Start of Block

(* For every $m\in\mathbb{N}$, $\mathscr{G}^{(m)}\setminus\mathscr{G}^{(m-1)}\neq\emptyset$. In particular, if $K_{m+1}$ denotes the complete graph on $m+1$ vertices, then $K_{m+1}\in\mathscr{G}^{(m)}\setminus\mathscr{G}^{(m-1)}$.
   Context: All graphs are finite simplicial graphs (undirected, no loops, at most one edge between two vertices). Pinning: for graphs $\Gamma,\Gamma'$ and $v\in V\Gamma$, the graph $\Phi_{(\Gamma,v)}(\Gamma')$ has vertex set $V\Gamma\sqcup V\Gamma'$ and edge set $E\Gamma\sqcup E\Gamma'\sqcup\{(w,v):w\in V\Gamma'\}$ ("pinning $\Gamma'$ to $\Gamma$ at $v$"). Let $\mathscr{G}^{(0)}$ consist of the single-vertex graph. Recursively, $\mathscr{G}^{(m+1)}$ is the class of graphs obtained by repeatedly appending a graph from $\mathscr{G}^{(m)}$ to the graph built so far, each time either (1) leaving the appended graph disjoint (no edges to the previous graph), or (2) pinning the appended graph to the previous graph at some vertex. Thus $\mathscr{G}^{(1)}$ consists of graphs built by successively adding a vertex that is either isolated or adjacent to exactly one existing vertex. *)

theory Defs
  imports Main
begin

text \<open>A finite simple graph is represented with vertex set {0..<n} and a set of
ordered pairs as (symmetric, irreflexive) edge relation.\<close>

type_synonym graph = "nat \<times> (nat \<times> nat) set"

definition wf_graph :: "graph \<Rightarrow> bool" where
  "wf_graph G \<longleftrightarrow> (\<forall>(a,b)\<in>snd G. a < fst G \<and> b < fst G \<and> a \<noteq> b \<and> (b,a) \<in> snd G)"

definition graph_iso :: "graph \<Rightarrow> graph \<Rightarrow> bool" where
  "graph_iso G H \<longleftrightarrow> (\<exists>f. bij_betw f {0..<fst G} {0..<fst H} \<and>
     (\<forall>a<fst G. \<forall>b<fst G. (a,b) \<in> snd G \<longleftrightarrow> (f a, f b) \<in> snd H))"

definition single_vertex :: graph where
  "single_vertex = (1, {})"

definition disj_union :: "graph \<Rightarrow> graph \<Rightarrow> graph" where
  "disj_union G H = (fst G + fst H, snd G \<union> {(a + fst G, b + fst G) | a b. (a,b) \<in> snd H})"

definition pin :: "graph \<Rightarrow> nat \<Rightarrow> graph \<Rightarrow> graph" where
  "pin G v H = (fst G + fst H, snd G \<union> {(a + fst G, b + fst G) | a b. (a,b) \<in> snd H}
       \<union> {(v, w + fst G) | w. w < fst H} \<union> {(w + fst G, v) | w. w < fst H})"

inductive_set built :: "graph set \<Rightarrow> graph set" for S where
  start: "H \<in> S \<Longrightarrow> H \<in> built S"
| disj: "G \<in> built S \<Longrightarrow> H \<in> S \<Longrightarrow> disj_union G H \<in> built S"
| pinned: "G \<in> built S \<Longrightarrow> H \<in> S \<Longrightarrow> v < fst G \<Longrightarrow> pin G v H \<in> built S"

fun Gcls :: "nat \<Rightarrow> graph set" where
  "Gcls 0 = {G. wf_graph G \<and> graph_iso G single_vertex}"
| "Gcls (Suc m) = {G. wf_graph G \<and> (\<exists>H\<in>built (Gcls m). graph_iso G H)}"

text \<open>G^(m-1), with the convention G^(-1) = empty.\<close>
definition Gprev :: "nat \<Rightarrow> graph set" where
  "Gprev m = (if m = 0 then {} else Gcls (m - 1))"

definition complete_graph :: "nat \<Rightarrow> graph" where
  "complete_graph n = (n, {(a,b). a < n \<and> b < n \<and> a \<noteq> b})"

end

theory Submission
  imports Defs
begin

text \<open>Every graph in \<open>Gcls m\<close> has clique number at most \<open>m + 1\<close>. Indeed, appending a graph of
clique number at most \<open>k\<close> to one of clique number at most \<open>k + 1\<close> creates no larger clique: a
clique meeting the appended part meets the old part at most in the pinning vertex. Conversely,
the complete graph on \<open>m + 1\<close> vertices arises by pinning the one on \<open>m\<close> vertices to a single
vertex, so it lies in \<open>Gcls m\<close>, and its clique number \<open>m + 1\<close> keeps it out of \<open>Gcls (m - 1)\<close>.\<close>

definition is_clique :: "graph \<Rightarrow> nat set \<Rightarrow> bool" where
  "is_clique G C \<longleftrightarrow> C \<subseteq> {0..<fst G} \<and> (\<forall>a\<in>C. \<forall>b\<in>C. a \<noteq> b \<longrightarrow> (a, b) \<in> snd G)"

definition clique_bounded :: "nat \<Rightarrow> graph \<Rightarrow> bool" where
  "clique_bounded k G \<longleftrightarrow> (\<forall>C. is_clique G C \<longrightarrow> card C \<le> k)"

lemma clique_bounded_mono: "k \<le> l \<Longrightarrow> clique_bounded k G \<Longrightarrow> clique_bounded l G"
  unfolding clique_bounded_def by (meson le_trans)

lemma clique_bounded_order: "clique_bounded (fst G) G"
  unfolding clique_bounded_def is_clique_def
  by (metis card_atLeastLessThan card_mono diff_zero finite_atLeastLessThan)

lemma complete_graph_not_clique_bounded: "\<not> clique_bounded n (complete_graph (Suc n))"
proof
  assume "clique_bounded n (complete_graph (Suc n))"
  moreover have "is_clique (complete_graph (Suc n)) {0..<Suc n}"
    by (simp add: is_clique_def complete_graph_def)
  ultimately show False
    unfolding clique_bounded_def by fastforce
qed

lemma graph_iso_refl: "graph_iso G G"
  unfolding graph_iso_def by (rule exI[of _ id]) auto

lemma clique_bounded_graph_iso:
  assumes "graph_iso G H" and bounded: "clique_bounded k H"
  shows "clique_bounded k G"
  unfolding clique_bounded_def
proof (intro allI impI)
  obtain f where bij: "bij_betw f {0..<fst G} {0..<fst H}"
    and edges: "\<forall>a<fst G. \<forall>b<fst G. (a, b) \<in> snd G \<longleftrightarrow> (f a, f b) \<in> snd H"
    using assms(1) unfolding graph_iso_def by blast
  fix C assume C: "is_clique G C"
  then have sub: "C \<subseteq> {0..<fst G}"
    unfolding is_clique_def by blast
  have "is_clique H (f ` C)"
    unfolding is_clique_def
  proof (intro conjI ballI impI)
    show "f ` C \<subseteq> {0..<fst H}"
      using bij sub by (metis bij_betw_def image_mono)
  next
    fix x y assume "x \<in> f ` C" "y \<in> f ` C" "x \<noteq> y"
    then obtain a b where ab: "a \<in> C" "b \<in> C" "x = f a" "y = f b" "a \<noteq> b"
      by blast
    then have "(a, b) \<in> snd G"
      using C unfolding is_clique_def by blast
    moreover have "a < fst G" "b < fst G"
      using sub ab by auto
    ultimately show "(x, y) \<in> snd H"
      using edges ab by blast
  qed
  then have "card (f ` C) \<le> k"
    using bounded unfolding clique_bounded_def by blast
  moreover have "inj_on f C"
    using bij sub by (meson bij_betw_def inj_on_subset)
  ultimately show "card C \<le> k"
    by (simp add: card_image)
qed

definition glued_at :: "graph \<Rightarrow> nat \<Rightarrow> graph \<Rightarrow> graph \<Rightarrow> bool" where
  "glued_at G v H J \<longleftrightarrow> fst J = fst G + fst H
     \<and> (\<forall>a<fst G. \<forall>b<fst G. (a, b) \<in> snd J \<longrightarrow> (a, b) \<in> snd G)
     \<and> (\<forall>a b. (a + fst G, b + fst G) \<in> snd J \<longrightarrow> (a, b) \<in> snd H)
     \<and> (\<forall>a<fst G. \<forall>b. (a, b + fst G) \<in> snd J \<longrightarrow> a = v)"

lemma wf_graph_edgeD:
  "wf_graph G \<Longrightarrow> (a, b) \<in> snd G \<Longrightarrow> a < fst G \<and> b < fst G \<and> a \<noteq> b \<and> (b, a) \<in> snd G"
  unfolding wf_graph_def by blast

lemma glued_at_disj_union: "wf_graph G \<Longrightarrow> glued_at G v H (disj_union G H)"
  unfolding glued_at_def disj_union_def by (auto dest: wf_graph_edgeD)

lemma glued_at_pin: "wf_graph G \<Longrightarrow> v < fst G \<Longrightarrow> glued_at G v H (pin G v H)"
  unfolding glued_at_def pin_def by (auto dest: wf_graph_edgeD)

lemma wf_graph_disj_union: "wf_graph G \<Longrightarrow> wf_graph H \<Longrightarrow> wf_graph (disj_union G H)"
  unfolding wf_graph_def disj_union_def by fastforce

lemma wf_graph_pin: "wf_graph G \<Longrightarrow> wf_graph H \<Longrightarrow> v < fst G \<Longrightarrow> wf_graph (pin G v H)"
  unfolding wf_graph_def pin_def by fastforce

lemma is_clique_glued_at_low:
  "glued_at G v H J \<Longrightarrow> is_clique J C \<Longrightarrow> is_clique G (C \<inter> {..<fst G})"
  unfolding glued_at_def is_clique_def by auto

lemma is_clique_glued_at_high:
  assumes glued: "glued_at G v H J" and C: "is_clique J C"
  shows "is_clique H ((\<lambda>x. x - fst G) ` (C - {..<fst G}))"
  unfolding is_clique_def
proof (intro conjI subsetI ballI impI)
  have order: "fst J = fst G + fst H"
    using glued unfolding glued_at_def by blast
  fix x assume "x \<in> (\<lambda>x. x - fst G) ` (C - {..<fst G})"
  then obtain a where "a \<in> C" "\<not> a < fst G" "x = a - fst G"
    by blast
  moreover have "a < fst J"
    using C \<open>a \<in> C\<close> unfolding is_clique_def by auto
  ultimately show "x \<in> {0..<fst H}"
    using order by simp
next
  have high_edges: "\<And>a b. (a + fst G, b + fst G) \<in> snd J \<Longrightarrow> (a, b) \<in> snd H"
    using glued unfolding glued_at_def by blast
  fix x y
  assume "x \<in> (\<lambda>x. x - fst G) ` (C - {..<fst G})" "y \<in> (\<lambda>x. x - fst G) ` (C - {..<fst G})"
    and "x \<noteq> y"
  then obtain a b where a: "a \<in> C" "\<not> a < fst G" "x = a - fst G"
    and b: "b \<in> C" "\<not> b < fst G" "y = b - fst G"
    by blast
  then have "a \<noteq> b"
    using \<open>x \<noteq> y\<close> by blast
  then have "(a, b) \<in> snd J"
    using C a(1) b(1) unfolding is_clique_def by blast
  moreover have "a = x + fst G" "b = y + fst G"
    using a b by simp_all
  ultimately show "(x, y) \<in> snd H"
    using high_edges by simp
qed

lemma clique_bounded_glued_at:
  assumes glued: "glued_at G v H J"
    and G: "clique_bounded (Suc k) G" and H: "clique_bounded k H"
  shows "clique_bounded (Suc k) J"
  unfolding clique_bounded_def
proof (intro allI impI)
  fix C assume C: "is_clique J C"
  define low where "low = C \<inter> {..<fst G}"
  define high where "high = C - {..<fst G}"
  have "finite C"
    using C unfolding is_clique_def by (meson finite_atLeastLessThan finite_subset)
  moreover have "C = low \<union> high" "low \<inter> high = {}"
    unfolding low_def high_def by blast+
  ultimately have card_C: "card C = card low + card high"
    by (metis card_Un_disjoint finite_Un)
  have card_low: "card low \<le> Suc k"
    using G is_clique_glued_at_low[OF glued C] unfolding clique_bounded_def low_def by blast
  have "inj_on (\<lambda>x. x - fst G) high"
    unfolding high_def inj_on_def by auto
  then have "card high = card ((\<lambda>x. x - fst G) ` high)"
    by (simp add: card_image)
  also have "\<dots> \<le> k"
    using H is_clique_glued_at_high[OF glued C] unfolding clique_bounded_def high_def by blast
  finally have card_high: "card high \<le> k" .
  show "card C \<le> Suc k"
  proof (cases "high = {}")
    case True
    then show ?thesis using card_C card_low by simp
  next
    case False
    then obtain b where "b \<in> high" by blast
    then have b: "b \<in> C" "fst G \<le> b"
      unfolding high_def by auto
    have cross_edges: "\<And>a c. a < fst G \<Longrightarrow> (a, c + fst G) \<in> snd J \<Longrightarrow> a = v"
      using glued unfolding glued_at_def by blast
    have "low \<subseteq> {v}"
    proof
      fix a assume a: "a \<in> low"
      then have "a < fst G" "a \<in> C"
        unfolding low_def by auto
      moreover from this have "(a, (b - fst G) + fst G) \<in> snd J"
        using C b unfolding is_clique_def by auto
      ultimately show "a \<in> {v}"
        using cross_edges by blast
    qed
    then have "card low \<le> card {v}"
      by (intro card_mono) simp_all
    then show ?thesis using card_C card_high by simp
  qed
qed

lemma built_wf_graph:
  assumes "\<And>H. H \<in> S \<Longrightarrow> wf_graph H" and "G \<in> built S"
  shows "wf_graph G"
  using assms(2)
  by (induction G rule: built.induct) (blast intro: assms(1) wf_graph_disj_union wf_graph_pin)+

lemma built_clique_bounded:
  assumes wf: "\<And>H. H \<in> S \<Longrightarrow> wf_graph H"
    and bounded: "\<And>H. H \<in> S \<Longrightarrow> clique_bounded k H"
    and "G \<in> built S"
  shows "clique_bounded (Suc k) G"
  using \<open>G \<in> built S\<close>
proof (induction G rule: built.induct)
  case (start H)
  then show ?case using bounded clique_bounded_mono le_SucI by blast
next
  case (disj G H)
  then show ?case
    using bounded clique_bounded_glued_at glued_at_disj_union built_wf_graph wf by blast
next
  case (pinned G H v)
  then show ?case
    using bounded clique_bounded_glued_at glued_at_pin built_wf_graph wf by blast
qed

lemma Gcls_wf_graph: "G \<in> Gcls m \<Longrightarrow> wf_graph G"
  by (cases m) auto

lemma Gcls_clique_bounded: "G \<in> Gcls m \<Longrightarrow> clique_bounded (Suc m) G"
proof (induction m arbitrary: G)
  case 0
  then have "graph_iso G single_vertex"
    by simp
  moreover have "clique_bounded (Suc 0) single_vertex"
    using clique_bounded_order[of single_vertex] by (simp add: single_vertex_def)
  ultimately show ?case
    by (rule clique_bounded_graph_iso)
next
  case (Suc m)
  then obtain H where H: "H \<in> built (Gcls m)" and iso: "graph_iso G H"
    by auto
  have "clique_bounded (Suc (Suc m)) H"
    using built_clique_bounded[OF Gcls_wf_graph Suc.IH H] .
  with iso show ?case
    by (rule clique_bounded_graph_iso)
qed

lemma single_vertex_in_Gcls: "single_vertex \<in> Gcls m"
proof -
  have "wf_graph single_vertex" by (simp add: wf_graph_def single_vertex_def)
  then show ?thesis
    by (induction m) (auto intro: built.start graph_iso_refl)
qed

lemma pin_single_vertex_complete_graph:
  "pin single_vertex 0 (complete_graph n) = complete_graph (Suc n)"
proof -
  have "(a, b) \<in> snd (pin single_vertex 0 (complete_graph n))
          \<longleftrightarrow> (a, b) \<in> snd (complete_graph (Suc n))" for a b
    unfolding pin_def single_vertex_def complete_graph_def
    by (cases a; cases b) auto
  then show ?thesis
    by (simp add: pin_def single_vertex_def complete_graph_def prod_eq_iff set_eq_iff)
qed

lemma complete_graph_in_Gcls: "complete_graph (Suc m) \<in> Gcls m"
proof (induction m)
  case 0
  have "complete_graph 1 = single_vertex"
    by (auto simp: complete_graph_def single_vertex_def)
  then show ?case using single_vertex_in_Gcls by (metis One_nat_def)
next
  case (Suc m)
  have "pin single_vertex 0 (complete_graph (Suc m)) \<in> built (Gcls m)"
    using Suc built.pinned[OF built.start[OF single_vertex_in_Gcls]]
    by (simp add: single_vertex_def)
  moreover have "wf_graph (complete_graph (Suc (Suc m)))"
    by (auto simp: wf_graph_def complete_graph_def)
  ultimately show ?case
    by (auto simp: pin_single_vertex_complete_graph intro: graph_iso_refl)
qed

theorem proposition2p7:
  fixes m :: nat
  shows "Gcls m - Gprev m \<noteq> {} \<and> complete_graph (m + 1) \<in> Gcls m - Gprev m"
proof -
  have "complete_graph (Suc m) \<notin> Gprev m"
  proof (cases m)
    case (Suc j)
    then show ?thesis
      using Gcls_clique_bounded[of "complete_graph (Suc m)" j] complete_graph_not_clique_bounded
      by (auto simp: Gprev_def)
  qed (simp add: Gprev_def)
  then show ?thesis using complete_graph_in_Gcls by auto
qed

end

End of Block

**About this task:** Reprint the data above from the opening line to the line holding "ordered pairs as", inclusive, and nothing else.

**Final answer:**
(* For every $m\in\mathbb{N}$, $\mathscr{G}^{(m)}\setminus\mathscr{G}^{(m-1)}\neq\emptyset$. In particular, if $K_{m+1}$ denotes the complete graph on $m+1$ vertices, then $K_{m+1}\in\mathscr{G}^{(m)}\setminus\mathscr{G}^{(m-1)}$.
   Context: All graphs are finite simplicial graphs (undirected, no loops, at most one edge between two vertices). Pinning: for graphs $\Gamma,\Gamma'$ and $v\in V\Gamma$, the graph $\Phi_{(\Gamma,v)}(\Gamma')$ has vertex set $V\Gamma\sqcup V\Gamma'$ and edge set $E\Gamma\sqcup E\Gamma'\sqcup\{(w,v):w\in V\Gamma'\}$ ("pinning $\Gamma'$ to $\Gamma$ at $v$"). Let $\mathscr{G}^{(0)}$ consist of the single-vertex graph. Recursively, $\mathscr{G}^{(m+1)}$ is the class of graphs obtained by repeatedly appending a graph from $\mathscr{G}^{(m)}$ to the graph built so far, each time either (1) leaving the appended graph disjoint (no edges to the previous graph), or (2) pinning the appended graph to the previous graph at some vertex. Thus $\mathscr{G}^{(1)}$ consists of graphs built by successively adding a vertex that is either isolated or adjacent to exactly one existing vertex. *)

theory Defs
  imports Main
begin

text \<open>A finite simple graph is represented with vertex set {0..<n} and a set of
ordered pairs as (symmetric, irreflexive) edge relation.\<close>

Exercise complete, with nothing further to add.